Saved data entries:
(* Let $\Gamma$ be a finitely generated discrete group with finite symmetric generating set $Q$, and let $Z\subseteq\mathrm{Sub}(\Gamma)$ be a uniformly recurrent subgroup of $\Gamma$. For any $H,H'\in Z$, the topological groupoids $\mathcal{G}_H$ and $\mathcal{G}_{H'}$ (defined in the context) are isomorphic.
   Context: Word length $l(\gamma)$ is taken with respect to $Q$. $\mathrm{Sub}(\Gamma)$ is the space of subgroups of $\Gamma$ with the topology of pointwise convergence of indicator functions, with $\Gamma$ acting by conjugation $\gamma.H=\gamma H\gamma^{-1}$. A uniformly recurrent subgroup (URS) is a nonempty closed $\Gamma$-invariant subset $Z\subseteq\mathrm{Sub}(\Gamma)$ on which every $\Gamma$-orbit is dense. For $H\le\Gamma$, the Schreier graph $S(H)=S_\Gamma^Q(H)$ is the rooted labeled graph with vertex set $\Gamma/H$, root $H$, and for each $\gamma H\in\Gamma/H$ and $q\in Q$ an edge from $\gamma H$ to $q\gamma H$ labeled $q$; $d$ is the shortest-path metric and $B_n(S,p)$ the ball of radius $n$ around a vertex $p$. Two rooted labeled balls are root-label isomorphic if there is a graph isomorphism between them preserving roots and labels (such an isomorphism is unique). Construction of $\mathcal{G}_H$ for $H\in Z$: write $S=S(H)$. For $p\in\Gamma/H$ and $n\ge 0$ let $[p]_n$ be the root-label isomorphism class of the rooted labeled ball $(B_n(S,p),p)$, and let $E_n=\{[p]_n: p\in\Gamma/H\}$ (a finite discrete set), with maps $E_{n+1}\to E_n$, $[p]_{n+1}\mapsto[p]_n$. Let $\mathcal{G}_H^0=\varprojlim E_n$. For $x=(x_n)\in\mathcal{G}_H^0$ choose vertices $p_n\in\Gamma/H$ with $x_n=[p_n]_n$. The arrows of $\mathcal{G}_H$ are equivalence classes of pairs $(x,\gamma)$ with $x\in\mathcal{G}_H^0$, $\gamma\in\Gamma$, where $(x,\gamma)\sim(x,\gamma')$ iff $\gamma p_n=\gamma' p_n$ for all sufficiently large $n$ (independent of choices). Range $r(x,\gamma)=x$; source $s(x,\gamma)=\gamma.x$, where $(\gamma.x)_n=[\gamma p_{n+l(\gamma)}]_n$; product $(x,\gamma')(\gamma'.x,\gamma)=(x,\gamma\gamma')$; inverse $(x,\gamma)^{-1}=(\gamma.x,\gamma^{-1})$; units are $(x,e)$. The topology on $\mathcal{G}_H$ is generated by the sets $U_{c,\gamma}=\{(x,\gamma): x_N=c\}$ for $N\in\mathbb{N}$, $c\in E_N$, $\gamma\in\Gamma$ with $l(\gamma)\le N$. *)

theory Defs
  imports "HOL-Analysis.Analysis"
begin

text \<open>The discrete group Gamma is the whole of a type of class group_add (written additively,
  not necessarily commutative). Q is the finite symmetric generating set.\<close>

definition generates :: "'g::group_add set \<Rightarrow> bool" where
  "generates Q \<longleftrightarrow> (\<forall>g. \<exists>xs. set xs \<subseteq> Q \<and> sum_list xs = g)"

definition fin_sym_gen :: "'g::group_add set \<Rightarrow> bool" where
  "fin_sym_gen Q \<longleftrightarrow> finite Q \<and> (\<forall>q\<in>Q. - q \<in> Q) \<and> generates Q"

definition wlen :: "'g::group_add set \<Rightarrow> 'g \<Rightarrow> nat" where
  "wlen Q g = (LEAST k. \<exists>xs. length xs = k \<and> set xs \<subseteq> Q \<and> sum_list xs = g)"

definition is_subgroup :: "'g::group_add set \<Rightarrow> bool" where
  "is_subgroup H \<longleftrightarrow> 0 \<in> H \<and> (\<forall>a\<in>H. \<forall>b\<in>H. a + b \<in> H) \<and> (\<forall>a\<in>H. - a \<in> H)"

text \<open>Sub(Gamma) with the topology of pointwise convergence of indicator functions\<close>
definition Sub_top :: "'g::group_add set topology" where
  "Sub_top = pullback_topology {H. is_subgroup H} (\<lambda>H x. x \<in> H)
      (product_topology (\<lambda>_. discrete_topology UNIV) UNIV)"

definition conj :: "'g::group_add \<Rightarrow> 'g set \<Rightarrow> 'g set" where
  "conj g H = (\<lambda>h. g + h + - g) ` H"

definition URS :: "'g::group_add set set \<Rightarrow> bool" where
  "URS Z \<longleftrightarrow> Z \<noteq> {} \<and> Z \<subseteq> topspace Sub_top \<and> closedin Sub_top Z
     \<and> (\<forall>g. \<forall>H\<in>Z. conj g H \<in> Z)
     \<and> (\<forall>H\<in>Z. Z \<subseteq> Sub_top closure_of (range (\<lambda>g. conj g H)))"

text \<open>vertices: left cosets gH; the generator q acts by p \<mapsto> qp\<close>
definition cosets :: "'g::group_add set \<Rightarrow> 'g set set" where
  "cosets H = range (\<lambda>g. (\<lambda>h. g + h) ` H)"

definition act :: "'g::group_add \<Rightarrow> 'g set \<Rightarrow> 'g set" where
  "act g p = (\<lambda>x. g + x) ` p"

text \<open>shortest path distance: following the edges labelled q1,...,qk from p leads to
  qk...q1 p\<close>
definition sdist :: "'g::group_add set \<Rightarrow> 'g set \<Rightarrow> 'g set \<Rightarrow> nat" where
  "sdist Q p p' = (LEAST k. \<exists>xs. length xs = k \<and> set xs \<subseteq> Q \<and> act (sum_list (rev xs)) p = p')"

TASK BRIEF: A full, exact copy of the entries is required. Return it.

SOLUTION TO THE PROBLEM:
(* Let $\Gamma$ be a finitely generated discrete group with finite symmetric generating set $Q$, and let $Z\subseteq\mathrm{Sub}(\Gamma)$ be a uniformly recurrent subgroup of $\Gamma$. For any $H,H'\in Z$, the topological groupoids $\mathcal{G}_H$ and $\mathcal{G}_{H'}$ (defined in the context) are isomorphic.
   Context: Word length $l(\gamma)$ is taken with respect to $Q$. $\mathrm{Sub}(\Gamma)$ is the space of subgroups of $\Gamma$ with the topology of pointwise convergence of indicator functions, with $\Gamma$ acting by conjugation $\gamma.H=\gamma H\gamma^{-1}$. A uniformly recurrent subgroup (URS) is a nonempty closed $\Gamma$-invariant subset $Z\subseteq\mathrm{Sub}(\Gamma)$ on which every $\Gamma$-orbit is dense. For $H\le\Gamma$, the Schreier graph $S(H)=S_\Gamma^Q(H)$ is the rooted labeled graph with vertex set $\Gamma/H$, root $H$, and for each $\gamma H\in\Gamma/H$ and $q\in Q$ an edge from $\gamma H$ to $q\gamma H$ labeled $q$; $d$ is the shortest-path metric and $B_n(S,p)$ the ball of radius $n$ around a vertex $p$. Two rooted labeled balls are root-label isomorphic if there is a graph isomorphism between them preserving roots and labels (such an isomorphism is unique). Construction of $\mathcal{G}_H$ for $H\in Z$: write $S=S(H)$. For $p\in\Gamma/H$ and $n\ge 0$ let $[p]_n$ be the root-label isomorphism class of the rooted labeled ball $(B_n(S,p),p)$, and let $E_n=\{[p]_n: p\in\Gamma/H\}$ (a finite discrete set), with maps $E_{n+1}\to E_n$, $[p]_{n+1}\mapsto[p]_n$. Let $\mathcal{G}_H^0=\varprojlim E_n$. For $x=(x_n)\in\mathcal{G}_H^0$ choose vertices $p_n\in\Gamma/H$ with $x_n=[p_n]_n$. The arrows of $\mathcal{G}_H$ are equivalence classes of pairs $(x,\gamma)$ with $x\in\mathcal{G}_H^0$, $\gamma\in\Gamma$, where $(x,\gamma)\sim(x,\gamma')$ iff $\gamma p_n=\gamma' p_n$ for all sufficiently large $n$ (independent of choices). Range $r(x,\gamma)=x$; source $s(x,\gamma)=\gamma.x$, where $(\gamma.x)_n=[\gamma p_{n+l(\gamma)}]_n$; product $(x,\gamma')(\gamma'.x,\gamma)=(x,\gamma\gamma')$; inverse $(x,\gamma)^{-1}=(\gamma.x,\gamma^{-1})$; units are $(x,e)$. The topology on $\mathcal{G}_H$ is generated by the sets $U_{c,\gamma}=\{(x,\gamma): x_N=c\}$ for $N\in\mathbb{N}$, $c\in E_N$, $\gamma\in\Gamma$ with $l(\gamma)\le N$. *)

theory Defs
  imports "HOL-Analysis.Analysis"
begin

text \<open>The discrete group Gamma is the whole of a type of class group_add (written additively,
  not necessarily commutative). Q is the finite symmetric generating set.\<close>

definition generates :: "'g::group_add set \<Rightarrow> bool" where
  "generates Q \<longleftrightarrow> (\<forall>g. \<exists>xs. set xs \<subseteq> Q \<and> sum_list xs = g)"

definition fin_sym_gen :: "'g::group_add set \<Rightarrow> bool" where
  "fin_sym_gen Q \<longleftrightarrow> finite Q \<and> (\<forall>q\<in>Q. - q \<in> Q) \<and> generates Q"

definition wlen :: "'g::group_add set \<Rightarrow> 'g \<Rightarrow> nat" where
  "wlen Q g = (LEAST k. \<exists>xs. length xs = k \<and> set xs \<subseteq> Q \<and> sum_list xs = g)"

definition is_subgroup :: "'g::group_add set \<Rightarrow> bool" where
  "is_subgroup H \<longleftrightarrow> 0 \<in> H \<and> (\<forall>a\<in>H. \<forall>b\<in>H. a + b \<in> H) \<and> (\<forall>a\<in>H. - a \<in> H)"

text \<open>Sub(Gamma) with the topology of pointwise convergence of indicator functions\<close>
definition Sub_top :: "'g::group_add set topology" where
  "Sub_top = pullback_topology {H. is_subgroup H} (\<lambda>H x. x \<in> H)
      (product_topology (\<lambda>_. discrete_topology UNIV) UNIV)"

definition conj :: "'g::group_add \<Rightarrow> 'g set \<Rightarrow> 'g set" where
  "conj g H = (\<lambda>h. g + h + - g) ` H"

definition URS :: "'g::group_add set set \<Rightarrow> bool" where
  "URS Z \<longleftrightarrow> Z \<noteq> {} \<and> Z \<subseteq> topspace Sub_top \<and> closedin Sub_top Z
     \<and> (\<forall>g. \<forall>H\<in>Z. conj g H \<in> Z)
     \<and> (\<forall>H\<in>Z. Z \<subseteq> Sub_top closure_of (range (\<lambda>g. conj g H)))"

text \<open>vertices: left cosets gH; the generator q acts by p \<mapsto> qp\<close>
definition cosets :: "'g::group_add set \<Rightarrow> 'g set set" where
  "cosets H = range (\<lambda>g. (\<lambda>h. g + h) ` H)"

definition act :: "'g::group_add \<Rightarrow> 'g set \<Rightarrow> 'g set" where
  "act g p = (\<lambda>x. g + x) ` p"

text \<open>shortest path distance: following the edges labelled q1,...,qk from p leads to
  qk...q1 p\<close>
definition sdist :: "'g::group_add set \<Rightarrow> 'g set \<Rightarrow> 'g set \<Rightarrow> nat" where
  "sdist Q p p' = (LEAST k. \<exists>xs. length xs = k \<and> set xs \<subseteq> Q \<and> act (sum_list (rev xs)) p = p')"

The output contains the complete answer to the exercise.